*WHAT TO DO:*
In the records below, begin at the line that has "(\<forall>j\<in>Rset m kk" and stop after the line that has "j * real_of_int"; quote those lines verbatim and nothing more.

*DATA FOR ANALYSIS:*
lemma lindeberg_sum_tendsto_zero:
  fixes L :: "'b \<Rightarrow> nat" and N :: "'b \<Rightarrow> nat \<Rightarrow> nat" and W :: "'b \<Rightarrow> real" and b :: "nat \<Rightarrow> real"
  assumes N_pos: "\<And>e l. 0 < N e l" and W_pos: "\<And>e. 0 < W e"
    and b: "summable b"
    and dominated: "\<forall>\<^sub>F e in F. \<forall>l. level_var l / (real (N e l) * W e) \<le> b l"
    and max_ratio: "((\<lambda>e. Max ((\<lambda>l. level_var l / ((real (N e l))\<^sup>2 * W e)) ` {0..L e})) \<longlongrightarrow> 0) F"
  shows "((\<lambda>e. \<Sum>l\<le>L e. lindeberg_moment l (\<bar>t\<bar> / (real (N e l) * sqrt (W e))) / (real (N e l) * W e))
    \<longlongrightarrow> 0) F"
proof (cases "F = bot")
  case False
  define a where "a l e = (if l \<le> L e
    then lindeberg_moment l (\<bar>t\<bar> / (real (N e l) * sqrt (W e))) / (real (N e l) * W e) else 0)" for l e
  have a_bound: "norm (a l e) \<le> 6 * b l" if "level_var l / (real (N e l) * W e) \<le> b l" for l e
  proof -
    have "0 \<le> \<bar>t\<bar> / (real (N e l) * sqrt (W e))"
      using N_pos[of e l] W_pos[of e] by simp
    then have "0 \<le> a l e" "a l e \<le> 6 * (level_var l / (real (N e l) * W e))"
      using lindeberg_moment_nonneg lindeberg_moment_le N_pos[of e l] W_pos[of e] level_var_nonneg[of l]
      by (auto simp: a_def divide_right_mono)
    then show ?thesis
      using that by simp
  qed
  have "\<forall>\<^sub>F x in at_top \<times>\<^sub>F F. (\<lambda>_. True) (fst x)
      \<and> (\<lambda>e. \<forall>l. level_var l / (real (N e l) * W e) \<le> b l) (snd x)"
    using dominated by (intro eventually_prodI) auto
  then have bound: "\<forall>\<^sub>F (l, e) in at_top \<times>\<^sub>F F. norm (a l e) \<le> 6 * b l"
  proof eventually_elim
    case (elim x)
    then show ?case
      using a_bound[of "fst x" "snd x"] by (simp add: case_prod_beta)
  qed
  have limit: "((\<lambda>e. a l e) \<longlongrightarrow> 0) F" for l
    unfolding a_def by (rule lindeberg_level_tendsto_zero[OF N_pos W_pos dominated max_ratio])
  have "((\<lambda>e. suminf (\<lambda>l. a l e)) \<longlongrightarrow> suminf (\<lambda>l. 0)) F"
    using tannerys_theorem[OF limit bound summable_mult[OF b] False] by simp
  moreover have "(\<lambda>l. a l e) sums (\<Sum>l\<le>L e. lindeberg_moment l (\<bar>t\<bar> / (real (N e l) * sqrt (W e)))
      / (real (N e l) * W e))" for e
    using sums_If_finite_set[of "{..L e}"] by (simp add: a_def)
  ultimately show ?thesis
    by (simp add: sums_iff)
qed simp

--

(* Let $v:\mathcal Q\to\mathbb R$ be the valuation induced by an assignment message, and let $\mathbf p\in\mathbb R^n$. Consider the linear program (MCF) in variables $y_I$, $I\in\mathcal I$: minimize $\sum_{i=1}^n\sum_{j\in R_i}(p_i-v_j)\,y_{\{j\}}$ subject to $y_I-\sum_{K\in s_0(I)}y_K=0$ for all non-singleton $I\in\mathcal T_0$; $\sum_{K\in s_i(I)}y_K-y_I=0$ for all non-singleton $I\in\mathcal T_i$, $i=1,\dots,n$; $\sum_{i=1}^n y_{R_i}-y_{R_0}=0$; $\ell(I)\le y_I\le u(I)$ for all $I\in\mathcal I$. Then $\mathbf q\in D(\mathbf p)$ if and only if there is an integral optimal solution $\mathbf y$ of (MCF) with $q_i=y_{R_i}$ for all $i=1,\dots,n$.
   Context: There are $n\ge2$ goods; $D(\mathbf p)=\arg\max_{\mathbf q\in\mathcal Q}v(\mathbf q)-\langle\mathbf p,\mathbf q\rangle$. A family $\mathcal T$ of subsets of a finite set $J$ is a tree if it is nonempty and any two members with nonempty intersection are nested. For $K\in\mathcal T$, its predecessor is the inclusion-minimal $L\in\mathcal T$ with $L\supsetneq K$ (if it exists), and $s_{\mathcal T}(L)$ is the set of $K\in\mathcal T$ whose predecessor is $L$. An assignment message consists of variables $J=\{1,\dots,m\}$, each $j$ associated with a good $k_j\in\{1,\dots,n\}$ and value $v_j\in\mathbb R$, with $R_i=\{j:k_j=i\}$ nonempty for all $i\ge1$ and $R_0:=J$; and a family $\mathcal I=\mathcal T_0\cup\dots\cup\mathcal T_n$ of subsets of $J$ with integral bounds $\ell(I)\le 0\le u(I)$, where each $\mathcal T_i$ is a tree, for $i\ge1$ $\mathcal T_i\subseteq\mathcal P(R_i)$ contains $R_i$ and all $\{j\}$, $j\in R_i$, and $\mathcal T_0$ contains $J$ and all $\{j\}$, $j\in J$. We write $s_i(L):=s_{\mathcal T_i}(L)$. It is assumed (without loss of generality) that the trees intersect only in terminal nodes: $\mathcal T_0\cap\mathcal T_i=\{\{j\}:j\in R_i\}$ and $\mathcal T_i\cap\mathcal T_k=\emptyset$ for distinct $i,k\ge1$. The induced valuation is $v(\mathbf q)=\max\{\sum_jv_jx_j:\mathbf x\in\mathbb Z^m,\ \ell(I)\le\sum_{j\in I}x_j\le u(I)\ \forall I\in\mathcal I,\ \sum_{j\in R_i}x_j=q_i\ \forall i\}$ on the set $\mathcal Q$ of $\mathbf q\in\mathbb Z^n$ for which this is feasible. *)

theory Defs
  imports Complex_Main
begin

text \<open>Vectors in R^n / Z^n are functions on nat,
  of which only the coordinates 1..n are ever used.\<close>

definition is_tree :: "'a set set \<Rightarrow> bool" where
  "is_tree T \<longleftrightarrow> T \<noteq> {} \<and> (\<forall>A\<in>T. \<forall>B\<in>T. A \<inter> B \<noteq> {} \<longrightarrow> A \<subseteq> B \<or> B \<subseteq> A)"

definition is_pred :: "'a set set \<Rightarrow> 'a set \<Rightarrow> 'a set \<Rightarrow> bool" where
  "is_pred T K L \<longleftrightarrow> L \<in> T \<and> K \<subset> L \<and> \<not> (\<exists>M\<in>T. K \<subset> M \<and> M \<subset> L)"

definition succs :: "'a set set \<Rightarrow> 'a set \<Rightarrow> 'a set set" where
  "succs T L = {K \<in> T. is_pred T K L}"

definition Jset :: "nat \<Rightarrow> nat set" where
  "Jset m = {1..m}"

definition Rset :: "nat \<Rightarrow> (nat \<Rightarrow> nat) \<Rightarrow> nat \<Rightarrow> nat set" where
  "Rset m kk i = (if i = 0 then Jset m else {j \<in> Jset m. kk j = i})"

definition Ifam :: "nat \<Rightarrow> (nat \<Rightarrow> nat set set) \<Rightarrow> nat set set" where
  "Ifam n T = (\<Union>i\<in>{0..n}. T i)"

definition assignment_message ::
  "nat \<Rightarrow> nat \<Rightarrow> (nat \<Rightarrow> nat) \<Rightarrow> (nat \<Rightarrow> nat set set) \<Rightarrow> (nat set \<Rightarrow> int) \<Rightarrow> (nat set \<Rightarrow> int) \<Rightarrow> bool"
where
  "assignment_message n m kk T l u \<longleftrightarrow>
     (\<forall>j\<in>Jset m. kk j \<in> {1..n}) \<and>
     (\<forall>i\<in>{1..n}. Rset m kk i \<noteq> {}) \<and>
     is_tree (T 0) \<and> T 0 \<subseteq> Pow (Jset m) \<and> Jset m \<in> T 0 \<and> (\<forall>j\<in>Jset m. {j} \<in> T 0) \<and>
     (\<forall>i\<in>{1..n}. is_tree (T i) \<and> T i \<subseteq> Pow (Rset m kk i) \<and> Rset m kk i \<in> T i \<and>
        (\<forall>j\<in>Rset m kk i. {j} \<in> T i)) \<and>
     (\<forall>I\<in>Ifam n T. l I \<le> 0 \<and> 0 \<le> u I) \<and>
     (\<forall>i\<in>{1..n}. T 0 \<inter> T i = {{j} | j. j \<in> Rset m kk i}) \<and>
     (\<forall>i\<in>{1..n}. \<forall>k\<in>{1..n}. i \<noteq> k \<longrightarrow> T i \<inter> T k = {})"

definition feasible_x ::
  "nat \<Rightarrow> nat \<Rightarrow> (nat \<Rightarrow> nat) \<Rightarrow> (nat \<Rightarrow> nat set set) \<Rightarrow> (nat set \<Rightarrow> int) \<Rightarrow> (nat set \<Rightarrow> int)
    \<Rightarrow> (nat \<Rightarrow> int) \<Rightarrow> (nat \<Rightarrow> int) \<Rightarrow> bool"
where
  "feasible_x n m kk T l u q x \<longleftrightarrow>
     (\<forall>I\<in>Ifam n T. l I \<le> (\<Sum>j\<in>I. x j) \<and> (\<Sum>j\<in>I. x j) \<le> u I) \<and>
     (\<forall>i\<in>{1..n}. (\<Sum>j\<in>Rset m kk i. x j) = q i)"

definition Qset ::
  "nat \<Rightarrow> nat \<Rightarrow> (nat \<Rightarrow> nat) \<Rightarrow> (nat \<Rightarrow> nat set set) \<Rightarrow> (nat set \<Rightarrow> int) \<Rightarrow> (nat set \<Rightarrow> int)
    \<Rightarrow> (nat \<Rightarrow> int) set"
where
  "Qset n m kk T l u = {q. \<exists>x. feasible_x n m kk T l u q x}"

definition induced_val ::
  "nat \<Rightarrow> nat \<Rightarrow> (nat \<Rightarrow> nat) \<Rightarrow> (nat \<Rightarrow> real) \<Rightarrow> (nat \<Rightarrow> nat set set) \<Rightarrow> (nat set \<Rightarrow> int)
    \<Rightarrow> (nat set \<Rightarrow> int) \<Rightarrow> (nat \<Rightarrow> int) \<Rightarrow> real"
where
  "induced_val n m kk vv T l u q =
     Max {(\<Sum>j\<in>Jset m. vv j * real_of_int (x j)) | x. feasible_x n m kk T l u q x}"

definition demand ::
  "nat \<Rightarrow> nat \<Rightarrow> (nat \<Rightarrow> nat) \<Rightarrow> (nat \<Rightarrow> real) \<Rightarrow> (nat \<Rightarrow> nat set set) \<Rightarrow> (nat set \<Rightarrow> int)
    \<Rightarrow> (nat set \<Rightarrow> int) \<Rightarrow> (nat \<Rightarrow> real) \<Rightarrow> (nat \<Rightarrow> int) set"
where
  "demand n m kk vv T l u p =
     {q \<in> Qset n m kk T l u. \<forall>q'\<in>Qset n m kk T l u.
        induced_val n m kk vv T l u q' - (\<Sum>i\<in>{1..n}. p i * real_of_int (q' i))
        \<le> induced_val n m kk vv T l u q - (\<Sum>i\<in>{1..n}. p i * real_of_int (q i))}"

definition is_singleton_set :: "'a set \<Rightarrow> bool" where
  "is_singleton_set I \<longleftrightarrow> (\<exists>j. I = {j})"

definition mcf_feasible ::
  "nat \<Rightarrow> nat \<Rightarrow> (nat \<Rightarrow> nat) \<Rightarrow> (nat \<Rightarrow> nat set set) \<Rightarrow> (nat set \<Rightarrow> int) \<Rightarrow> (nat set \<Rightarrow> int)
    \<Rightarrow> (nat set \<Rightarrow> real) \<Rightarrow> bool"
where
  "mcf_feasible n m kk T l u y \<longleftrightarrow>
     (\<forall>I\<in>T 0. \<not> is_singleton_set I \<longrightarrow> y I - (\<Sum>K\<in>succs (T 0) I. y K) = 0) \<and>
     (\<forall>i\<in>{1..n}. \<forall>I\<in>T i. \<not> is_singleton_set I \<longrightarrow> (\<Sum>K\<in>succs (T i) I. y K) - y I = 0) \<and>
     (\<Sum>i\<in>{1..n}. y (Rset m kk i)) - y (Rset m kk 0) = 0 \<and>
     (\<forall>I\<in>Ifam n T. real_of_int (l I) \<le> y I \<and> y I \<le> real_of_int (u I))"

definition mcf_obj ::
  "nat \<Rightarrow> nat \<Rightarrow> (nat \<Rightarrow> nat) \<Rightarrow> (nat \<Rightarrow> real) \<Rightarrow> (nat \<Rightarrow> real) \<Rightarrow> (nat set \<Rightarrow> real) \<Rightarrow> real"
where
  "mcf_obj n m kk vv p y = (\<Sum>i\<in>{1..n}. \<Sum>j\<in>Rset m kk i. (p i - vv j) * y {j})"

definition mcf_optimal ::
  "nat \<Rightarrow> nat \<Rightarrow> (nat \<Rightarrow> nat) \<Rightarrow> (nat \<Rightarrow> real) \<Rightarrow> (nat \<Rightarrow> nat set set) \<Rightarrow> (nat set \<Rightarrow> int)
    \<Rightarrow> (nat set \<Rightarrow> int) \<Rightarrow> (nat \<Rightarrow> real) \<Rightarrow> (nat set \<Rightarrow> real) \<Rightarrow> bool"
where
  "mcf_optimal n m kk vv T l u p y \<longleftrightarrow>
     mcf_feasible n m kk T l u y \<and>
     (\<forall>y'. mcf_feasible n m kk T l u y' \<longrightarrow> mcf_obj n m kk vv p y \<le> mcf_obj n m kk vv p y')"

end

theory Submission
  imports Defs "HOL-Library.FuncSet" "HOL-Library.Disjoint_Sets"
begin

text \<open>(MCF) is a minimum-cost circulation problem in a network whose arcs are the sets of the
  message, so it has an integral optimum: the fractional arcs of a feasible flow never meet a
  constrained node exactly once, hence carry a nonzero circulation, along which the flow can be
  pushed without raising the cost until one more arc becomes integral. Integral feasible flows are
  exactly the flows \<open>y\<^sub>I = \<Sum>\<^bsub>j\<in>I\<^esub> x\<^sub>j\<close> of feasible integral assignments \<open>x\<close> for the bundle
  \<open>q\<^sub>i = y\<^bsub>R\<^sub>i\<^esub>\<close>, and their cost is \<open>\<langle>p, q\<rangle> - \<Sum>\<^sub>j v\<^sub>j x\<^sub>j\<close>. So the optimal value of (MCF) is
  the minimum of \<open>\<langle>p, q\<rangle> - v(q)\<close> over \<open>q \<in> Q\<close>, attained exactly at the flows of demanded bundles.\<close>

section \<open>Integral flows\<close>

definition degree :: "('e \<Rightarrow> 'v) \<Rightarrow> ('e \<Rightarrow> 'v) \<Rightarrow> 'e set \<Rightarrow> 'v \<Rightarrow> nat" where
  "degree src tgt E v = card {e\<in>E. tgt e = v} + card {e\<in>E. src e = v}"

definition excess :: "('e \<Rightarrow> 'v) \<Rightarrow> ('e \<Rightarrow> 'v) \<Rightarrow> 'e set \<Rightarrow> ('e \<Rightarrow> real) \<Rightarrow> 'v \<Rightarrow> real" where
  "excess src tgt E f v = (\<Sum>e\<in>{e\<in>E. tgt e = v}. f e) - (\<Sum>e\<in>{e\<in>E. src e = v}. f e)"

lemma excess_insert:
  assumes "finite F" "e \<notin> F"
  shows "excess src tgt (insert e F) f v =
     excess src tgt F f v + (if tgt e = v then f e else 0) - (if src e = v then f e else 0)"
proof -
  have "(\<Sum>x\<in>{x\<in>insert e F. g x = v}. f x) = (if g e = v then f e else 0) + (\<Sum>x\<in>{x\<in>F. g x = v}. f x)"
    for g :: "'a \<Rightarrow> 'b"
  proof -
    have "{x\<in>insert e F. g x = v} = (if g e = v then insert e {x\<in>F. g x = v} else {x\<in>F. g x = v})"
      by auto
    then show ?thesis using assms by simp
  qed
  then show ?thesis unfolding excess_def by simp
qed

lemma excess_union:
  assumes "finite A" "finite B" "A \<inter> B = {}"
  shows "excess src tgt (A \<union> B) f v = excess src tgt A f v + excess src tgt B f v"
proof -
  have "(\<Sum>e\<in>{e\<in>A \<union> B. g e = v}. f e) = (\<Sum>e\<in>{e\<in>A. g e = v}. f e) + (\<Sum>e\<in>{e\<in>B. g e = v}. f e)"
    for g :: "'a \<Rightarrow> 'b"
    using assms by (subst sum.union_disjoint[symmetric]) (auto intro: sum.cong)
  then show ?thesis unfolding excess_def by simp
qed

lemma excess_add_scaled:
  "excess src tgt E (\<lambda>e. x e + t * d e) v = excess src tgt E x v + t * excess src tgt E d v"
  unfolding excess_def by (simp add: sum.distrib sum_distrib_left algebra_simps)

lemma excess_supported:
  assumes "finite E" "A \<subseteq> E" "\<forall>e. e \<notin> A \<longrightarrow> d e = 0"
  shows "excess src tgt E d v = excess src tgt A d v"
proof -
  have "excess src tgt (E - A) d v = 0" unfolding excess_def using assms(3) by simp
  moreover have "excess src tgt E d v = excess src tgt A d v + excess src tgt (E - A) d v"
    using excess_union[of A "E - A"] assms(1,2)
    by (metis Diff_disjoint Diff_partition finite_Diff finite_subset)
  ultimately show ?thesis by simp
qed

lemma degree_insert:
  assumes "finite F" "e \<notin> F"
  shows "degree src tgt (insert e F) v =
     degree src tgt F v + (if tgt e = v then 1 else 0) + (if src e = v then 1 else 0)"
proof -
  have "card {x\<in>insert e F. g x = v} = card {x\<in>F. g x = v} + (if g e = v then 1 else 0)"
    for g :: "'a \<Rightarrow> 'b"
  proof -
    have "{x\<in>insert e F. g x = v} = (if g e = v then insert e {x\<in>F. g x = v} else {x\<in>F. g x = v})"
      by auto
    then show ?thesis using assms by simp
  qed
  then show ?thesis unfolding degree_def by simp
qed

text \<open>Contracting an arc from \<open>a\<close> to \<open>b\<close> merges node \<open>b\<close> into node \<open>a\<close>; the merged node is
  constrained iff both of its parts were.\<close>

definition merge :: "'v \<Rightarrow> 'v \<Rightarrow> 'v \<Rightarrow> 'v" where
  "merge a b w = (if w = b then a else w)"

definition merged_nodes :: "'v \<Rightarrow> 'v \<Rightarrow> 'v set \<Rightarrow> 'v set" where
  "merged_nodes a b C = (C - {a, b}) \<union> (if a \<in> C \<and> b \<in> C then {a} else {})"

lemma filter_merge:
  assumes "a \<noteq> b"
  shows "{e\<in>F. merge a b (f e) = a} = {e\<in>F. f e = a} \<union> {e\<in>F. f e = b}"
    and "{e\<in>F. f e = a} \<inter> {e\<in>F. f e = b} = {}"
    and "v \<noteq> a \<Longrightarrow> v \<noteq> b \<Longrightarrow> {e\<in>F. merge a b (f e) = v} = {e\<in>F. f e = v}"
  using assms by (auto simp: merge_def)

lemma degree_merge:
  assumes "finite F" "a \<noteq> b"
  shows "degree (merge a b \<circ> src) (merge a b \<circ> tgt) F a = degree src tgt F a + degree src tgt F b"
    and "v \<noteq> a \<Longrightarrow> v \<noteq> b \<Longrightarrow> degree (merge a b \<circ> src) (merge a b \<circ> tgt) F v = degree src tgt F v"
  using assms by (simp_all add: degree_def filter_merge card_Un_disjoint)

*TASK OUTPUT:*
        (\<forall>j\<in>Rset m kk i. {j} \<in> T i)) \<and>
     (\<forall>I\<in>Ifam n T. l I \<le> 0 \<and> 0 \<le> u I) \<and>
     (\<forall>i\<in>{1..n}. T 0 \<inter> T i = {{j} | j. j \<in> Rset m kk i}) \<and>
     (\<forall>i\<in>{1..n}. \<forall>k\<in>{1..n}. i \<noteq> k \<longrightarrow> T i \<inter> T k = {})"

definition feasible_x ::
  "nat \<Rightarrow> nat \<Rightarrow> (nat \<Rightarrow> nat) \<Rightarrow> (nat \<Rightarrow> nat set set) \<Rightarrow> (nat set \<Rightarrow> int) \<Rightarrow> (nat set \<Rightarrow> int)
    \<Rightarrow> (nat \<Rightarrow> int) \<Rightarrow> (nat \<Rightarrow> int) \<Rightarrow> bool"
where
  "feasible_x n m kk T l u q x \<longleftrightarrow>
     (\<forall>I\<in>Ifam n T. l I \<le> (\<Sum>j\<in>I. x j) \<and> (\<Sum>j\<in>I. x j) \<le> u I) \<and>
     (\<forall>i\<in>{1..n}. (\<Sum>j\<in>Rset m kk i. x j) = q i)"

definition Qset ::
  "nat \<Rightarrow> nat \<Rightarrow> (nat \<Rightarrow> nat) \<Rightarrow> (nat \<Rightarrow> nat set set) \<Rightarrow> (nat set \<Rightarrow> int) \<Rightarrow> (nat set \<Rightarrow> int)
    \<Rightarrow> (nat \<Rightarrow> int) set"
where
  "Qset n m kk T l u = {q. \<exists>x. feasible_x n m kk T l u q x}"

definition induced_val ::
  "nat \<Rightarrow> nat \<Rightarrow> (nat \<Rightarrow> nat) \<Rightarrow> (nat \<Rightarrow> real) \<Rightarrow> (nat \<Rightarrow> nat set set) \<Rightarrow> (nat set \<Rightarrow> int)
    \<Rightarrow> (nat set \<Rightarrow> int) \<Rightarrow> (nat \<Rightarrow> int) \<Rightarrow> real"
where
  "induced_val n m kk vv T l u q =
     Max {(\<Sum>j\<in>Jset m. vv j * real_of_int (x j)) | x. feasible_x n m kk T l u q x}"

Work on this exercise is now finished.